1. Distúrbio do controle do volume sangüíneo sistêmico: O distúrbio do controle do volume grave na SHR leva a uma diminuição no volume plasmático efetivo, que causa reflexivamente vasoconstrição intrarrenal e retenção renal de sódio através do sistema neuro-humoral. Para doença hepática grave, devido a hemorragia digestiva alta, ascite maciça, diurese maciça e vómitos severos, diarreia causada por uma rápida diminuição do volume sanguíneo circulante, resultando numa diminuição do RBF e uma diminuição significativa na TFG, induzindo assim FARF. Na cirrose, a auto-estabilidade controlada pelo volume é anormal, e o reflexo fígado-rim regulado por volume também ocorre Através do mecanismo reflexo de regulação volumétrica, os nervos simpáticos que inervam o rim ficam excitados, resultando em aumento da secreção de renina-angiotensina. Os vasos sanguíneos internos se contraem, o sangue é desviado do córtex para a medula, e o córtex renal é isquemia, reduzindo, assim, FSR e TFG. Aumento da produção de aldosterona, aumento da água tubular renal, reabsorção de sódio e aumento da secreção do hormônio antidiurético, causando retenção renal severa de água e sódio, levando à SHR.
2. Endotoxemia: A endotoxemia (ETM) pode ser um fator importante no desenvolvimento da SHR em pacientes com doença hepática grave. Na presença de HRS em pacientes com cirrose, a taxa positiva de endotoxina no sangue e ascite é muito alta, e a detecção de endotoxina é principalmente negativa na ausência de HRS. A endotoxina é um componente lipídico e polissacarídico da parede celular das bactérias Gram-negativas, que pode causar febre, distúrbios vasomotores, redução da pressão arterial, ativação do complemento, reação de Schwartzman, CIVD e afetar a função imunológica. Na doença hepática grave, devido à disfunção intestinal, as bactérias Gram-negativas no intestino se multiplicam, produzindo uma grande quantidade de endotoxina, e a absorção intestinal da endotoxina é significativamente aumentada. Na cirrose, devido ao estado imunolico relativamente baixo do doente, a funo do sistema reticuloendotelial do fado reduzida e a endotoxina reabsorvida a partir do tracto gastrointestinal n pode ser completamente inactivada. Esta situação é ainda mais grave quando combinada com infecção. Na doença hepática grave, devido à função de desintoxicação das células do fígado, a endotoxina absorvida pelo intestino pode entrar na circulação sistêmica através do fígado ou da circulação colateral.
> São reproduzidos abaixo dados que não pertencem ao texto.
lemma add_singleton_neq_add_after:
  assumes "p \<in> L2"
  shows "add_singleton L1 (Suc m) \<noteq> add_after L2 p a (Suc m)"
proof
  assume "add_singleton L1 (Suc m) = add_after L2 p a (Suc m)"
  then have "{Suc m} = insert (Suc m) (fst p)"
    using insert_eq_insertD[where P = "\<lambda>q. Suc m \<in> fst q"] no_block_contains_Suc
    unfolding add_singleton_def add_after_def by (metis fst_conv insertI1 Diff_empty)
  then show False
    using linked_cycleD(1)[OF lc2 assms] linked_cycle_Suc_not_in_block[OF lc2 assms] by auto
qed

lemma add_pair_neq_add_after:
  assumes i: "i \<in> nonmins L1" and p: "p \<in> L2"
  shows "add_pair L1 i (Suc m) \<noteq> add_after L2 p a (Suc m)"
proof
  assume eq: "add_pair L1 i (Suc m) = add_after L2 p a (Suc m)"
  have "{i, Suc m} = insert (Suc m) (fst p)" and rest: "L1 = L2 - {p}"
    using insert_eq_insertD[OF eq[unfolded add_pair_def add_after_def], where P = "\<lambda>q. Suc m \<in> fst q"]
      no_block_contains_Suc by auto
  moreover have "i \<noteq> Suc m"
    using i Suc_not_in_nonmins[OF lc1] by auto
  ultimately have p_eq: "fst p = {i}"
    using linked_cycle_Suc_not_in_block[OF lc2 p] by auto
  obtain q where q: "q \<in> L1" "i \<in> nonmin (fst q)"
    using i by (auto simp: nonmins_def)
  then have "q \<in> L2" "q \<noteq> p"
    using rest p_eq by (auto simp: nonmin_def)
  then have "nearly_disjoint {i} (fst q)"
    using linked_cycle_nearly_disjoint[OF lc2 p] p_eq by metis
  then show False
    using nearly_disjoint_singleton q(2) by (auto simp: nonmin_def)
qed

end

context
  fixes m :: nat and L :: "arranged_block set" and p0 :: arranged_block
  assumes lc: "linked_cycle (Suc m) L" and p0: "p0 \<in> L" "Suc m \<in> fst p0"
begin

text \<open>In a block of \<open>[m + 1]\<close> with at least two elements, \<open>m + 1\<close> is not the minimum, so
  near-disjointness forbids it from lying in two blocks.\<close>

lemma block_containing_Suc_unique:
  assumes q: "q \<in> L" "Suc m \<in> fst q"
  shows "q = p0"
proof (rule ccontr)
  have Min_less: "Min (fst r) < Suc m" if r: "r \<in> L" "card (fst r) > 1" for r
  proof -
    have "\<not> card (fst r) \<le> Suc 0"
      using r(2) by simp
    then obtain x y where "x \<in> fst r" "y \<in> fst r" "x \<noteq> y"
      using card_le_Suc0_iff_eq[OF linked_cycleD(3)[OF lc r(1)]] by blast
    then have "Min (fst r) \<le> x" "Min (fst r) \<le> y" "x \<le> Suc m" "y \<le> Suc m"
      using linked_cycleD(2,3)[OF lc r(1)] by auto
    with \<open>x \<noteq> y\<close> show ?thesis
      by linarith
  qed
  assume "q \<noteq> p0"
  then have "nearly_disjoint (fst q) (fst p0)"
    using linked_cycle_nearly_disjoint[OF lc q(1) p0(1)] by simp
  moreover have "Suc m \<in> fst q \<inter> fst p0"
    using q p0 by simp
  ultimately have "Suc m = Min (fst q) \<and> card (fst q) > 1 \<or> Suc m = Min (fst p0) \<and> card (fst p0) > 1"
    unfolding nearly_disjoint_def by blast
  then show False
    using Min_less[OF q(1)] Min_less[OF p0(1)] by auto
qed

lemma other_blocks_subset:
  assumes q: "q \<in> L - {p0}"
  shows "fst q \<subseteq> {1..m}"
proof -
  have "Suc m \<notin> fst q"
    using block_containing_Suc_unique q by blast
  then show ?thesis
    using linked_cycleD(2)[OF lc, of q] q unfolding atLeastAtMost_Suc_insert by blast
qed

lemma other_blocks_Un: "(fst p0 - {Suc m}) \<union> (\<Union>q\<in>L - {p0}. fst q) = {1..m}"
proof -
  have "Suc m \<notin> (\<Union>q\<in>L - {p0}. fst q)"
    using other_blocks_subset by fastforce
  then have "(fst p0 - {Suc m}) \<union> (\<Union>q\<in>L - {p0}. fst q) = (\<Union>q\<in>L. fst q) - {Suc m}"
    using p0(1) by blast
  also have "\<dots> = {1..m}"
    using linked_cycle_Union[OF lc] by (auto simp: atLeastAtMost_Suc_insert)
  finally show ?thesis .
qed

lemma linked_blocks_others: "linked_blocks (L - {p0})"
  using lc linked_blocks_subset[of L "L - {p0}"] by (simp add: linked_cycle_iff)

lemma remove_singleton_block:
  assumes "fst p0 = {Suc m}"
  shows "linked_cycle m (L - {p0})" "L = add_singleton (L - {p0}) (Suc m)"
proof -
  show "linked_cycle m (L - {p0})"
    using linked_blocks_others other_blocks_Un assms by (simp add: linked_cycle_iff)
  have "snd p0 = id"
    using linked_cycleD(4)[OF lc p0(1)] assms by (simp add: cyclic_arrangement_singleton_iff)
  then have "p0 = ({Suc m}, id)"
    using assms by (simp add: prod_eq_iff)
  then show "L = add_singleton (L - {p0}) (Suc m)"
    using p0(1) by (simp add: add_singleton_def insert_absorb)
qed

lemma remove_pair_block:
  assumes p0_eq: "fst p0 = {i, Suc m}" and q: "q \<in> L - {p0}" "i \<in> fst q"
  shows "linked_cycle m (L - {p0})" "i \<in> nonmins (L - {p0}) - block_mins (L - {p0})"
    "L = add_pair (L - {p0}) i (Suc m)"
proof -
  have i_le: "i \<in> {1..m}"
    using other_blocks_subset[OF q(1)] q(2) by auto
  have "(fst p0 - {Suc m}) \<subseteq> (\<Union>q\<in>L - {p0}. fst q)"
    using p0_eq q by auto
  then show lc': "linked_cycle m (L - {p0})"
    using linked_blocks_others other_blocks_Un by (auto simp: linked_cycle_iff)
  txt \<open>\<open>i\<close> is the minimum of \<open>fst p0\<close>, hence of no other block containing it.\<close>
  have not_Min: "i \<noteq> Min (fst r)" if r: "r \<in> L - {p0}" "i \<in> fst r" for r
  proof -
    have "nearly_disjoint (fst r) (fst p0)"
      using linked_cycle_nearly_disjoint[OF lc _ p0(1)] r(1) by blast
    moreover have "Min (fst p0) = i"
      using p0_eq i_le by simp
    ultimately show ?thesis
      using r(2) p0_eq unfolding nearly_disjoint_def by auto
  qed
  have "i \<in> nonmin (fst q)"
    using q not_Min[OF q] by (simp add: nonmin_def)
  then show "i \<in> nonmins (L - {p0}) - block_mins (L - {p0})"
    using q(1) not_Min linked_cycle_Min_in[OF lc'] by (auto simp: nonmins_def block_mins_def)
  have "snd p0 = transpose i (Suc m)"
    using linked_cycleD(4)[OF lc p0(1)] p0_eq i_le by (simp add: cyclic_arrangement_doubleton_iff)
  then have "p0 = ({i, Suc m}, transpose i (Suc m))"
    using p0_eq by (simp add: prod_eq_iff)
  then show "L = add_pair (L - {p0}) i (Suc m)"
    using p0(1) by (simp add: add_pair_def insert_absorb)
qed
ETM também pode agravar os danos do fígado, que afetam uns aos outros e causam um círculo vicioso. A endotoxina tem uma toxicidade renal óbvia, que pode causar forte contração dos vasos sangüíneos nos rins, redistribuição do sangue no rim, diminuição do fluxo sangüíneo cortical renal, diminuição da FSR e da TFG, levando a oligúria e azotemia.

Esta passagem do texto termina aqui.